definition spanning_trees :: "('v, 'e) ribbon \<Rightarrow> 'e set set" where
  "spanning_trees G = {T. T \<subseteq> edges G \<and> card T + 1 = card (verts G) \<and>
      (\<forall>x\<in>verts G. \<forall>y\<in>verts G.
          (x, y) \<in> {(a, b). \<exists>e\<in>T. ends G e = {a, b}}\<^sup>*)}"

text \<open>Chip configurations are functions 'v => int (only values on the vertex set
matter). Linear equivalence: differing by a sequence of firings, i.e. by an
integer combination f of firing vectors.\<close>
definition lin_equiv :: "('v, 'e) ribbon \<Rightarrow> ('v \<Rightarrow> int) \<Rightarrow> ('v \<Rightarrow> int) \<Rightarrow> bool" where
  "lin_equiv G D D' \<longleftrightarrow> (\<exists>f :: 'v \<Rightarrow> int. \<forall>y\<in>verts G.
      D' y = D y + (\<Sum>e\<in>{e\<in>edges G. y \<in> ends G e}. f (other G y e) - f y))"

text \<open>r is the orientation of tree T towards u: every vertex x other than u
gets an outgoing tree edge r x, and following these edges leads to u.\<close>
definition tree_rotors :: "('v, 'e) ribbon \<Rightarrow> 'v \<Rightarrow> 'e set \<Rightarrow> ('v \<Rightarrow> 'e) \<Rightarrow> bool" where
  "tree_rotors G u T r \<longleftrightarrow>
     (\<forall>x\<in>verts G - {u}. r x \<in> T \<and> x \<in> ends G (r x) \<and>
        (\<exists>k. ((\<lambda>z. other G z (r z)) ^^ k) x = u))"

definition rr_step :: "('v, 'e) ribbon \<Rightarrow> 'v \<Rightarrow> ('v \<Rightarrow> int) \<times> ('v \<Rightarrow> 'e)
                        \<Rightarrow> ('v \<Rightarrow> int) \<times> ('v \<Rightarrow> 'e) \<Rightarrow> bool" where
  "rr_step G u s s' \<longleftrightarrow> (\<exists>x\<in>verts G - {u}. fst s x > 0 \<and>
      snd s' = (snd s)(x := nxt G x (snd s x)) \<and>
      fst s' = (\<lambda>z. fst s z - (if z = x then 1 else 0)
                     + (if z = other G x (snd s' x) then 1 else 0)))"

text \<open>The rotor routing torsor r_u(S,T), S given by any representative D.\<close>
definition rotor_route :: "('v, 'e) ribbon \<Rightarrow> 'v \<Rightarrow> ('v \<Rightarrow> int) \<Rightarrow> 'e set \<Rightarrow> 'e set" where
  "rotor_route G u D T = (THE T'. \<exists>D' r D'' r'.
      lin_equiv G D D' \<and> (\<forall>x\<in>verts G - {u}. D' x \<ge> 0) \<and>
      tree_rotors G u T r \<and>
      (rr_step G u)\<^sup>*\<^sup>* (D', r) (D'', r') \<and>
      (\<forall>x\<in>verts G - {u}. D'' x = 0) \<and>
      T' = r' ` (verts G - {u}))"

definition bern_step :: "('v, 'e) ribbon \<Rightarrow> 'e set \<Rightarrow> 'e \<times> 'v \<Rightarrow> 'e \<times> 'v" where
  "bern_step G T h = (let e = fst h; x = snd h in
      if e \<in> T then (let y = other G x e in (nxt G y e, y)) else (nxt G x e, x))"

definition bern_tour :: "('v, 'e) ribbon \<Rightarrow> 'v \<Rightarrow> 'e \<Rightarrow> 'e set \<Rightarrow> nat \<Rightarrow> 'e \<times> 'v" where
  "bern_tour G u e0 T k = (bern_step G T ^^ k) (e0, u)"

definition bern_len :: "('v, 'e) ribbon \<Rightarrow> 'v \<Rightarrow> 'e \<Rightarrow> 'e set \<Rightarrow> nat" where
  "bern_len G u e0 T = (LEAST n. 0 < n \<and> bern_tour G u e0 T n = (e0, u))"
(* Let $m,K$ be positive integers and $b_1,\dots,b_{3m}$ positive integers with $K/4<b_i<K/2$ and $\sum_i b_i=mK$. Set $W=100(5m)^2K$, $a_i=b_i+W$, $L=3W+K$, $\epsilon=1/(400(5m)^2)$, $h=\lfloor 4\epsilon L\rfloor$, $H=L+h$, $\beta_0=h/H$, $\beta_i=a_i/H-1/3$ ($1\le i\le 3m$). Let $X$ be the multiset consisting of $a_1,\dots,a_{3m}$, $m$ copies of $-H$ and $m$ copies of $h$, and let $T_{\min}$ be a minimum-cost addition tree over $X$. If a node $z$ of $T_{\min}$ has value of the form $(1/3+\lambda)H$, then $z$ is a leaf.
   Context: An addition tree over a multiset $X$ is a full binary tree whose leaves are labeled by the elements of $X$ (each used once), each internal node having value equal to the sum of its children's values; its cost is the sum of the absolute values of its internal nodes, and $T_{\min}$ minimizes the cost. A "$\lambda$" denotes a sum of at most $5m$ numbers each of the form $\pm\beta_i$ with $0\le i\le 3m$. Every node value can be written as $(N/3+\lambda)H$ with $N$ an integer; since $|\lambda|\le 1/(500m)$, $N$ and the value of $\lambda$ are uniquely determined. *)

theory Defs
  imports Complex_Main "HOL-Library.Multiset"
begin

datatype atree = Leaf int | Node atree atree

fun aval :: "atree \<Rightarrow> int" where
  "aval (Leaf x) = x"
| "aval (Node l r) = aval l + aval r"

fun leaves :: "atree \<Rightarrow> int multiset" where
  "leaves (Leaf x) = {#x#}"
| "leaves (Node l r) = leaves l + leaves r"

fun cost :: "atree \<Rightarrow> int" where
  "cost (Leaf x) = 0"
| "cost (Node l r) = \<bar>aval l + aval r\<bar> + cost l + cost r"

text \<open>Nodes of a tree, each represented by the subtree rooted at it.\<close>
fun nodes :: "atree \<Rightarrow> atree set" where
  "nodes (Leaf x) = {Leaf x}"
| "nodes (Node l r) = insert (Node l r) (nodes l \<union> nodes r)"

definition is_leaf :: "atree \<Rightarrow> bool" where
  "is_leaf t \<longleftrightarrow> (\<exists>x. t = Leaf x)"

definition addition_tree_over :: "int multiset \<Rightarrow> atree \<Rightarrow> bool" where
  "addition_tree_over X T \<longleftrightarrow> leaves T = X"

definition min_cost_tree :: "int multiset \<Rightarrow> atree \<Rightarrow> bool" where
  "min_cost_tree X T \<longleftrightarrow> addition_tree_over X T \<and>
     (\<forall>T'. addition_tree_over X T' \<longrightarrow> cost T \<le> cost T')"

text \<open>A "lambda": a sum of at most N numbers each of the form \<open>\<pm>\<beta>_i\<close> with \<open>0 \<le> i \<le> n\<close>.\<close>
definition is_lambda :: "nat \<Rightarrow> nat \<Rightarrow> (nat \<Rightarrow> real) \<Rightarrow> real \<Rightarrow> bool" where
  "is_lambda N n \<beta> l \<longleftrightarrow> (\<exists>cs :: (bool \<times> nat) list.
      length cs \<le> N \<and> (\<forall>c\<in>set cs. snd c \<le> n) \<and>
      l = (\<Sum>c\<leftarrow>cs. (if fst c then 1 else -1) * \<beta> (snd c)))"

## [What to do]
Using the material above, print every entry exactly as written.

## [Answer for this exercise]
definition spanning_trees :: "('v, 'e) ribbon \<Rightarrow> 'e set set" where
  "spanning_trees G = {T. T \<subseteq> edges G \<and> card T + 1 = card (verts G) \<and>
      (\<forall>x\<in>verts G. \<forall>y\<in>verts G.
          (x, y) \<in> {(a, b). \<exists>e\<in>T. ends G e = {a, b}}\<^sup>*)}"

text \<open>Chip configurations are functions 'v => int (only values on the vertex set
matter). Linear equivalence: differing by a sequence of firings, i.e. by an
integer combination f of firing vectors.\<close>
definition lin_equiv :: "('v, 'e) ribbon \<Rightarrow> ('v \<Rightarrow> int) \<Rightarrow> ('v \<Rightarrow> int) \<Rightarrow> bool" where
  "lin_equiv G D D' \<longleftrightarrow> (\<exists>f :: 'v \<Rightarrow> int. \<forall>y\<in>verts G.
      D' y = D y + (\<Sum>e\<in>{e\<in>edges G. y \<in> ends G e}. f (other G y e) - f y))"

text \<open>r is the orientation of tree T towards u: every vertex x other than u
gets an outgoing tree edge r x, and following these edges leads to u.\<close>
definition tree_rotors :: "('v, 'e) ribbon \<Rightarrow> 'v \<Rightarrow> 'e set \<Rightarrow> ('v \<Rightarrow> 'e) \<Rightarrow> bool" where
  "tree_rotors G u T r \<longleftrightarrow>
     (\<forall>x\<in>verts G - {u}. r x \<in> T \<and> x \<in> ends G (r x) \<and>
        (\<exists>k. ((\<lambda>z. other G z (r z)) ^^ k) x = u))"

definition rr_step :: "('v, 'e) ribbon \<Rightarrow> 'v \<Rightarrow> ('v \<Rightarrow> int) \<times> ('v \<Rightarrow> 'e)
                        \<Rightarrow> ('v \<Rightarrow> int) \<times> ('v \<Rightarrow> 'e) \<Rightarrow> bool" where
  "rr_step G u s s' \<longleftrightarrow> (\<exists>x\<in>verts G - {u}. fst s x > 0 \<and>
      snd s' = (snd s)(x := nxt G x (snd s x)) \<and>
      fst s' = (\<lambda>z. fst s z - (if z = x then 1 else 0)
                     + (if z = other G x (snd s' x) then 1 else 0)))"

text \<open>The rotor routing torsor r_u(S,T), S given by any representative D.\<close>
definition rotor_route :: "('v, 'e) ribbon \<Rightarrow> 'v \<Rightarrow> ('v \<Rightarrow> int) \<Rightarrow> 'e set \<Rightarrow> 'e set" where
  "rotor_route G u D T = (THE T'. \<exists>D' r D'' r'.
      lin_equiv G D D' \<and> (\<forall>x\<in>verts G - {u}. D' x \<ge> 0) \<and>
      tree_rotors G u T r \<and>
      (rr_step G u)\<^sup>*\<^sup>* (D', r) (D'', r') \<and>
      (\<forall>x\<in>verts G - {u}. D'' x = 0) \<and>
      T' = r' ` (verts G - {u}))"

definition bern_step :: "('v, 'e) ribbon \<Rightarrow> 'e set \<Rightarrow> 'e \<times> 'v \<Rightarrow> 'e \<times> 'v" where
  "bern_step G T h = (let e = fst h; x = snd h in
      if e \<in> T then (let y = other G x e in (nxt G y e, y)) else (nxt G x e, x))"

definition bern_tour :: "('v, 'e) ribbon \<Rightarrow> 'v \<Rightarrow> 'e \<Rightarrow> 'e set \<Rightarrow> nat \<Rightarrow> 'e \<times> 'v" where
  "bern_tour G u e0 T k = (bern_step G T ^^ k) (e0, u)"

definition bern_len :: "('v, 'e) ribbon \<Rightarrow> 'v \<Rightarrow> 'e \<Rightarrow> 'e set \<Rightarrow> nat" where
  "bern_len G u e0 T = (LEAST n. 0 < n \<and> bern_tour G u e0 T n = (e0, u))"
(* Let $m,K$ be positive integers and $b_1,\dots,b_{3m}$ positive integers with $K/4<b_i<K/2$ and $\sum_i b_i=mK$. Set $W=100(5m)^2K$, $a_i=b_i+W$, $L=3W+K$, $\epsilon=1/(400(5m)^2)$, $h=\lfloor 4\epsilon L\rfloor$, $H=L+h$, $\beta_0=h/H$, $\beta_i=a_i/H-1/3$ ($1\le i\le 3m$). Let $X$ be the multiset consisting of $a_1,\dots,a_{3m}$, $m$ copies of $-H$ and $m$ copies of $h$, and let $T_{\min}$ be a minimum-cost addition tree over $X$. If a node $z$ of $T_{\min}$ has value of the form $(1/3+\lambda)H$, then $z$ is a leaf.
   Context: An addition tree over a multiset $X$ is a full binary tree whose leaves are labeled by the elements of $X$ (each used once), each internal node having value equal to the sum of its children's values; its cost is the sum of the absolute values of its internal nodes, and $T_{\min}$ minimizes the cost. A "$\lambda$" denotes a sum of at most $5m$ numbers each of the form $\pm\beta_i$ with $0\le i\le 3m$. Every node value can be written as $(N/3+\lambda)H$ with $N$ an integer; since $|\lambda|\le 1/(500m)$, $N$ and the value of $\lambda$ are uniquely determined. *)

theory Defs
  imports Complex_Main "HOL-Library.Multiset"
begin

datatype atree = Leaf int | Node atree atree

fun aval :: "atree \<Rightarrow> int" where
  "aval (Leaf x) = x"
| "aval (Node l r) = aval l + aval r"

fun leaves :: "atree \<Rightarrow> int multiset" where
  "leaves (Leaf x) = {#x#}"
| "leaves (Node l r) = leaves l + leaves r"

fun cost :: "atree \<Rightarrow> int" where
  "cost (Leaf x) = 0"
| "cost (Node l r) = \<bar>aval l + aval r\<bar> + cost l + cost r"

text \<open>Nodes of a tree, each represented by the subtree rooted at it.\<close>
fun nodes :: "atree \<Rightarrow> atree set" where
  "nodes (Leaf x) = {Leaf x}"
| "nodes (Node l r) = insert (Node l r) (nodes l \<union> nodes r)"

definition is_leaf :: "atree \<Rightarrow> bool" where
  "is_leaf t \<longleftrightarrow> (\<exists>x. t = Leaf x)"

definition addition_tree_over :: "int multiset \<Rightarrow> atree \<Rightarrow> bool" where
  "addition_tree_over X T \<longleftrightarrow> leaves T = X"

definition min_cost_tree :: "int multiset \<Rightarrow> atree \<Rightarrow> bool" where
  "min_cost_tree X T \<longleftrightarrow> addition_tree_over X T \<and>
     (\<forall>T'. addition_tree_over X T' \<longrightarrow> cost T \<le> cost T')"

text \<open>A "lambda": a sum of at most N numbers each of the form \<open>\<pm>\<beta>_i\<close> with \<open>0 \<le> i \<le> n\<close>.\<close>
definition is_lambda :: "nat \<Rightarrow> nat \<Rightarrow> (nat \<Rightarrow> real) \<Rightarrow> real \<Rightarrow> bool" where
  "is_lambda N n \<beta> l \<longleftrightarrow> (\<exists>cs :: (bool \<times> nat) list.
      length cs \<le> N \<and> (\<forall>c\<in>set cs. snd c \<le> n) \<and>
      l = (\<Sum>c\<leftarrow>cs. (if fst c then 1 else -1) * \<beta> (snd c)))"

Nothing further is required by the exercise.